Stored data entries:
=== Section Start ===
text \<open>Same argument when \<open>x\<^sub>i = y\<^sub>i\<close> replaces the \<open>j\<close>-th output: for \<open>i \<noteq> j\<close> the
  \<open>i\<close>-th output gives \<open>s \<equiv> 0\<close> directly, for \<open>i = j\<close> summing gives \<open>n s \<equiv> 0\<close>.\<close>

lemma Mvec_inj_on_minor:
  assumes p: "prime d" and dn: "n + 1 < d" and i: "i < n" and j: "j < n"
    and x: "x \<in> configs d {..<n}" and y: "y \<in> configs d {..<n}"
    and xi: "x i = y i" and M: "\<And>k. k < n \<Longrightarrow> k \<noteq> j \<Longrightarrow> Mvec d n x k = Mvec d n y k"
  shows "x = y"
proof -
  define e where "e k = int (x k) - int (y k)" for k
  define s where "s = (\<Sum>l<n. e l)"
  have dk: "int d dvd e k + s" if "k < n" "k \<noteq> j" for k
    using Mvec_eq_imp_dvd[OF that(1) M[OF that]] by (simp add: e_def s_def)
  have ei: "e i = 0" using xi by (simp add: e_def)
  have s_split: "s = e m + (\<Sum>k\<in>{..<n} - {m}. e k)" if "m < n" for m
    unfolding s_def using that by (subst sum.remove[of "{..<n}" m]) auto
  have ds: "int d dvd s"
  proof (cases "i = j")
    case False
    then show ?thesis using dk[OF i] ei by simp
  next
    case True
    have "int d dvd (\<Sum>k\<in>{..<n} - {i}. e k + s)" by (rule dvd_sum) (use dk True in auto)
    also have "(\<Sum>k\<in>{..<n} - {i}. e k + s) = int n * s"
      using i s_split[OF i] ei by (simp add: sum.distrib of_nat_diff algebra_simps)
    finally have "int d dvd int n * s" .
    moreover have "\<not> int d dvd int n"
      using i dn by (auto dest!: dvd_imp_le)
    ultimately show ?thesis using prime_dvd_mult_iff[of "int d"] p by auto
  qed
  have other: "int d dvd e k" if "k < n" "k \<noteq> j" for k
    using dk[OF that] ds by (simp add: dvd_add_left_iff)
  have "int d dvd e j"
  proof -
    have "int d dvd (\<Sum>k\<in>{..<n} - {j}. e k)" by (rule dvd_sum) (use other in auto)
    with ds have "int d dvd s - (\<Sum>k\<in>{..<n} - {j}. e k)" by (rule dvd_diff)
    then show ?thesis using s_split[OF j] by simp
  qed
  then show ?thesis
    using other by (intro configs_eqI_dvd[OF x y]) (auto simp: e_def)
qed

lemma bij_betw_Mvec:
  assumes "prime d" "n + 1 < d"
  shows "bij_betw (Mvec d n) (configs d {..<n}) (configs d {..<n})"
proof -
  have "Mvec d n ` configs d {..<n} = configs d {..<n}"
    using card_image[OF Mvec_inj_on[OF assms]] Mvec_in_configs[of d n] finite_configs[of "{..<n}" d]
      assms(2) by (intro card_subset_eq) auto
  with Mvec_inj_on[OF assms] show ?thesis by (simp add: bij_betw_def)
qed

lemma card_Mvec_agree_off:
  assumes p: "prime d" and dn: "n + 1 < d" and j: "j < n" and x: "x \<in> configs d {..<n}"
  shows "card {y\<in>configs d {..<n}. \<forall>k\<in>{..<n} - {j}. Mvec d n y k = Mvec d n x k} = d"
proof -
  let ?X = "configs d {..<n}"
  let ?Y = "{y\<in>?X. \<forall>k\<in>{..<n} - {j}. Mvec d n y k = Mvec d n x k}"
  have d0: "0 < d" using dn by simp
  have img: "Mvec d n ` ?Y = {z\<in>?X. \<forall>k\<in>{..<n} - {j}. z k = Mvec d n x k}"
  proof (intro equalityI subsetI)
    fix z assume z: "z \<in> {z\<in>?X. \<forall>k\<in>{..<n} - {j}. z k = Mvec d n x k}"
    then obtain y where "y \<in> ?X" "z = Mvec d n y"
      using bij_betw_imp_surj_on[OF bij_betw_Mvec[OF p dn]] by blast
    with z show "z \<in> Mvec d n ` ?Y" by blast
  next
    fix z assume "z \<in> Mvec d n ` ?Y"
    then show "z \<in> {z\<in>?X. \<forall>k\<in>{..<n} - {j}. z k = Mvec d n x k}"
      using Mvec_in_configs[OF d0] by blast
  qed
  have "inj_on (Mvec d n) ?Y"
    using Mvec_inj_on[OF p dn] by (rule inj_on_subset) blast
  then have "card ?Y = card (Mvec d n ` ?Y)" by (rule card_image[symmetric])
  also have "\<dots> = d ^ card ({..<n} - ({..<n} - {j}))"
    unfolding img using d0 by (intro card_configs_fixed) (auto simp: Mvec_def)
  also have "\<dots> = d" using j by (simp add: Diff_Diff_Int)
  finally show ?thesis .
qed

lemma coprime_one_or_two:
  assumes "prime d" "2 < d"
  shows "coprime (if b then 2 else 1) (d::nat)"
proof -
  have "\<not> d dvd 2" using assms(2) by (auto dest: dvd_imp_le)
  then have "coprime d 2" using prime_imp_coprime[OF assms(1)] by blast
  then show ?thesis by (simp add: coprime_commute)
qed

lemma affine_Mvec_upd:
  fixes x :: "nat \<Rightarrow> nat"
  assumes "i < n"
  shows "(x(i := t)) j + (\<Sum>l<n. (x(i := t)) l) =
    (x(i := 0)) j + (\<Sum>l<n. (x(i := 0)) l) + (if i = j then 2 else 1) * t"
proof -
  have "(\<Sum>l<n. (x(i := t)) l) = t + (\<Sum>l\<in>{..<n} - {i}. x l)"
    using assms by (subst sum.remove[of _ i]) (auto intro!: sum.cong)
  moreover have "(\<Sum>l<n. (x(i := 0)) l) = (\<Sum>l\<in>{..<n} - {i}. x l)"
    using assms by (subst sum.remove[of _ i]) (auto intro!: sum.cong)
  ultimately show ?thesis by auto
qed

text \<open>\<open>x\<^sub>i\<close> enters the \<open>k\<close>-th output with coefficient 1 or 2, a unit modulo \<open>d\<close>.\<close>

lemma Mvec_eq_agree_off_imp_eq:
  assumes p: "prime d" and d2: "2 < d" and i: "i < n" and k: "k < n"
    and x: "x \<in> configs d {..<n}" and y: "y \<in> configs d {..<n}"
    and off_i: "\<And>l. l \<noteq> i \<Longrightarrow> x l = y l" and M: "Mvec d n x k = Mvec d n y k"
  shows "x = y"
proof -
  have "x(i := 0) = y(i := 0)" using off_i by auto
  with M k have eq: "((x(i := 0)) k + (\<Sum>l<n. (x(i := 0)) l) + (if i = k then 2 else 1) * x i) mod d =
      ((x(i := 0)) k + (\<Sum>l<n. (x(i := 0)) l) + (if i = k then 2 else 1) * y i) mod d"
    using affine_Mvec_upd[OF i, of x "x i" k] affine_Mvec_upd[OF i, of y "y i" k]
    by (simp add: Mvec_def)
  have "x i = y i"
    by (rule mod_affine_cancel[OF coprime_one_or_two[OF p d2] _ _ eq])
      (use x y i in \<open>auto simp: configs_def\<close>)
  then show ?thesis by (metis ext off_i)
qed

lemma card_configs_fixed_Mvec:
  assumes "prime d" "2 < d" "J \<subseteq> {..<n}" "i \<in> {..<n} - J" "j < n" "\<forall>k\<in>J. a k < d" "v < d"
  shows "card {x\<in>configs d {..<n}. (\<forall>k\<in>J. x k = a k) \<and> Mvec d n x j = v} = d ^ (n - card J - 1)"
proof -
  have "{x\<in>configs d {..<n}. (\<forall>k\<in>J. x k = a k) \<and> Mvec d n x j = v} =
      {x\<in>configs d {..<n}. (\<forall>k\<in>J. x k = a k) \<and> (x j + (\<Sum>l<n. x l)) mod d = v}"
    using assms(5) by (simp add: Mvec_def)
  also have "card \<dots> = d ^ (card ({..<n} - J) - 1)"
  proof (rule card_configs_fixed_affine[where w = "if i = j then 2 else 1"])
    show "(\<lambda>x. x j + (\<Sum>l<n. x l)) (x(i := t)) =
        (\<lambda>x. x j + (\<Sum>l<n. x l)) (x(i := 0)) + (if i = j then 2 else 1) * t"
      for x :: "nat \<Rightarrow> nat" and t
      using affine_Mvec_upd[of i n x t j] assms(4) by simp
  qed (use assms coprime_one_or_two in auto)
  finally show ?thesis using assms(3) by (simp add: card_Diff_subset finite_subset)
qed

lemma U_dn_permutation_mat:
  assumes "0 < d"
  shows "U_dn d n = mat (d ^ n) (d ^ n)
    (\<lambda>(r, c). if r = sys_enc d {..<n} (Mvec d n (sys_dec d {..<n} c)) then 1 else 0)"
proof -
  have "sys_dec d {..<n} r = Mvec d n (sys_dec d {..<n} c) \<longleftrightarrow>
      r = sys_enc d {..<n} (Mvec d n (sys_dec d {..<n} c))" if "r < d ^ n" for r c
    using that sys_enc_sys_dec[of "{..<n}" r d] sys_dec_sys_enc[of "{..<n}" d]
      Mvec_in_configs[OF assms] assms by auto
  then show ?thesis unfolding U_dn_def by (intro eq_matI) auto
qed
lemma covariance_eq:
  assumes "square_integrable M X" "square_integrable M Y"
  shows "covariance M X Y = (\<integral>\<omega>. X \<omega> * Y \<omega> \<partial>M) - expectation X * expectation Y"
proof -
  have int: "integrable M X" "integrable M Y" "integrable M (\<lambda>\<omega>. X \<omega> * Y \<omega>)"
    using assms square_integrable_mult[OF assms]
    by (auto intro: square_integrable_integrable finite_measure_axioms)
  have "(\<lambda>\<omega>. (X \<omega> - expectation X) * (Y \<omega> - expectation Y))
      = (\<lambda>\<omega>. X \<omega> * Y \<omega> - expectation Y * X \<omega> - expectation X * Y \<omega> + expectation X * expectation Y)"
    by (auto simp: fun_eq_iff algebra_simps)
  then show ?thesis
    unfolding covariance_def using int by (simp add: prob_space)
qed

lemma covariance_add_left:
  assumes "square_integrable M X" "square_integrable M X'" "square_integrable M Y"
  shows "covariance M (\<lambda>\<omega>. X \<omega> + X' \<omega>) Y = covariance M X Y + covariance M X' Y"
proof -
  have "integrable M X" "integrable M X'" "integrable M (\<lambda>\<omega>. X \<omega> * Y \<omega>)" "integrable M (\<lambda>\<omega>. X' \<omega> * Y \<omega>)"
    using assms square_integrable_mult[of M _ Y]
    by (auto intro: square_integrable_integrable finite_measure_axioms)
  then show ?thesis
    using assms square_integrable_add[OF assms(1,2)]
    by (simp add: covariance_eq distrib_right)
qed

lemma covariance_add_right:
  assumes "square_integrable M X" "square_integrable M Y" "square_integrable M Y'"
  shows "covariance M X (\<lambda>\<omega>. Y \<omega> + Y' \<omega>) = covariance M X Y + covariance M X Y'"
proof -
  have "integrable M Y" "integrable M Y'" "integrable M (\<lambda>\<omega>. X \<omega> * Y \<omega>)" "integrable M (\<lambda>\<omega>. X \<omega> * Y' \<omega>)"
    using assms square_integrable_mult[of M X]
    by (auto intro: square_integrable_integrable finite_measure_axioms)
  then show ?thesis
    using assms square_integrable_add[OF assms(2,3)]
    by (simp add: covariance_eq distrib_left)
qed
(* Let $\mathcal{C}$ and $\mathcal{C}'$ be non-attacking $q$-configurations. Then there exists $N$ such that for every $n\ge N$ with $\mathrm{inloss}_n(\mathcal{C}) = \mathrm{inloss}_n(\mathcal{C}')$ we have $\gamma(\mathcal{C}') - \gamma(\mathcal{C}) = \eta_n(\mathcal{C}') - \eta_n(\mathcal{C})$.
   Context: For $n \in \mathbb{N}$ let $I_n = \{\lfloor (2-n)/2 \rfloor, \ldots, \lfloor n/2 \rfloor\}$ and $\mathcal{B}_n = I_n \times I_n$. A $q$-configuration is a set $\mathcal{C} \subset \mathbb{Z}\times\mathbb{Z}$ with $|\mathcal{C}|=q$. For $Q=(x,y)$, $A(Q) = \{(x+i,y),(x,y+i),(x+i,y+i),(x+i,y-i) : i \in \mathbb{Z}\setminus\{0\}\}$ and $A(\mathcal{C}) = \bigcup_{Q\in\mathcal{C}} A(Q)$. $\mathcal{C}$ is non-attacking if $Q'\notin A(Q)$ for all distinct $Q,Q'\in\mathcal{C}$. The attacking number is $a_{\mathcal{C}}(s) = \#\{Q \in \mathcal{C} : s \in A(Q)\}$ and $\mathrm{inloss}_n(\mathcal{C}) = \sum_{s \in A(\mathcal{C})\cap\mathcal{B}_n} (a_{\mathcal{C}}(s) - 1)$. A Queen at $(x_1,x_2)$ is even if $x_1-x_2\equiv 0\pmod 2$ and odd otherwise; if $\mathcal{C}$ has $e$ even and $o$ odd Queens, $\gamma(\mathcal{C}) = 12\binom{e}{2}+12\binom{o}{2}+10eo$, and $\eta_n(\mathcal{C}) = \sum_{s\in A(\mathcal{C})\cap\mathcal{B}_n}\left[\binom{a_{\mathcal{C}}(s)}{2}-(a_{\mathcal{C}}(s)-1)\right]$. *)

theory Defs
  imports Main
begin

type_synonym point = "int \<times> int"

definition I_set :: "nat \<Rightarrow> int set" where
  "I_set n = {(2 - int n) div 2 .. int n div 2}"

definition board :: "nat \<Rightarrow> point set" where
  "board n = I_set n \<times> I_set n"

definition attacks :: "point \<Rightarrow> point set" where
  "attacks Q = {s. \<exists>i::int. i \<noteq> 0 \<and>
      (s = (fst Q + i, snd Q) \<or> s = (fst Q, snd Q + i) \<or>
       s = (fst Q + i, snd Q + i) \<or> s = (fst Q + i, snd Q - i))}"

definition attacked :: "point set \<Rightarrow> point set" where
  "attacked C = (\<Union>Q\<in>C. attacks Q)"

definition q_configuration :: "nat \<Rightarrow> point set \<Rightarrow> bool" where
  "q_configuration q C \<longleftrightarrow> finite C \<and> card C = q"

definition non_attacking :: "point set \<Rightarrow> bool" where
  "non_attacking C \<longleftrightarrow> (\<forall>Q\<in>C. \<forall>Q'\<in>C. Q \<noteq> Q' \<longrightarrow> Q' \<notin> attacks Q)"

definition attacking_number :: "point set \<Rightarrow> point \<Rightarrow> nat" where
  "attacking_number C s = card {Q \<in> C. s \<in> attacks Q}"

definition inloss :: "nat \<Rightarrow> point set \<Rightarrow> int" where
  "inloss n C = (\<Sum>s \<in> attacked C \<inter> board n. int (attacking_number C s) - 1)"

definition even_queen :: "point \<Rightarrow> bool" where
  "even_queen Q \<longleftrightarrow> (fst Q - snd Q) mod 2 = 0"

definition gamma :: "point set \<Rightarrow> int" where
  "gamma C = (let e = card {Q \<in> C. even_queen Q}; od = card {Q \<in> C. \<not> even_queen Q} in
     12 * int (e choose 2) + 12 * int (od choose 2) + 10 * int e * int od)"

definition eta :: "nat \<Rightarrow> point set \<Rightarrow> int" where
  "eta n C = (\<Sum>s \<in> attacked C \<inter> board n.
     int (attacking_number C s choose 2) - (int (attacking_number C s) - 1))"

end

theory Submission
  imports Defs
begin

(* Since (a choose 2) counts the pairs of queens attacking a square, summing it over the board
   counts, for every pair of queens, the squares both attack. For non-attacking queens Q, Q' each
   attack line of Q meets each non-parallel line of Q' in one point: this gives 10 squares, plus
   the 2 crossings of a diagonal with an anti-diagonal, which are lattice points exactly when Q
   and Q' have the same parity. Once the board contains these finitely many squares the sum is
   therefore gamma C, and eta_n = (sum of (a choose 2)) - inloss_n. *)

lemma attacks_iff:
  "s \<in> attacks Q \<longleftrightarrow> s \<noteq> Q \<and> (fst s = fst Q \<or> snd s = snd Q \<or>
     fst s - snd s = fst Q - snd Q \<or> fst s + snd s = fst Q + snd Q)"
proof
  assume "s \<in> attacks Q"
  then show "s \<noteq> Q \<and> (fst s = fst Q \<or> snd s = snd Q \<or>
     fst s - snd s = fst Q - snd Q \<or> fst s + snd s = fst Q + snd Q)"
    by (cases Q) (auto simp: attacks_def)
next
  obtain x y a b where [simp]: "s = (x, y)" "Q = (a, b)" by (cases s, cases Q)
  assume "s \<noteq> Q \<and> (fst s = fst Q \<or> snd s = snd Q \<or>
     fst s - snd s = fst Q - snd Q \<or> fst s + snd s = fst Q + snd Q)"
  then consider "x = a" "y \<noteq> b" | "x \<noteq> a" "y = b \<or> x - y = a - b \<or> x + y = a + b" by auto
  then show "s \<in> attacks Q"
  proof cases
    case 1
    then show ?thesis by (auto simp: attacks_def intro!: exI[of _ "y - b"])
  next
    case 2
    then show ?thesis by (auto simp: attacks_def intro!: exI[of _ "x - a"])
  qed
qed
=== Section End ===
- _TASK DETAILS_
Within the entries above, find each line where "board" appears; copy every one.

- _REPLY TO THE EXERCISE_
definition board :: "nat \<Rightarrow> point set" where
  "board n = I_set n \<times> I_set n"
  "inloss n C = (\<Sum>s \<in> attacked C \<inter> board n. int (attacking_number C s) - 1)"
  "eta n C = (\<Sum>s \<in> attacked C \<inter> board n.
(* Since (a choose 2) counts the pairs of queens attacking a square, summing it over the board
   and Q' have the same parity. Once the board contains these finitely many squares the sum is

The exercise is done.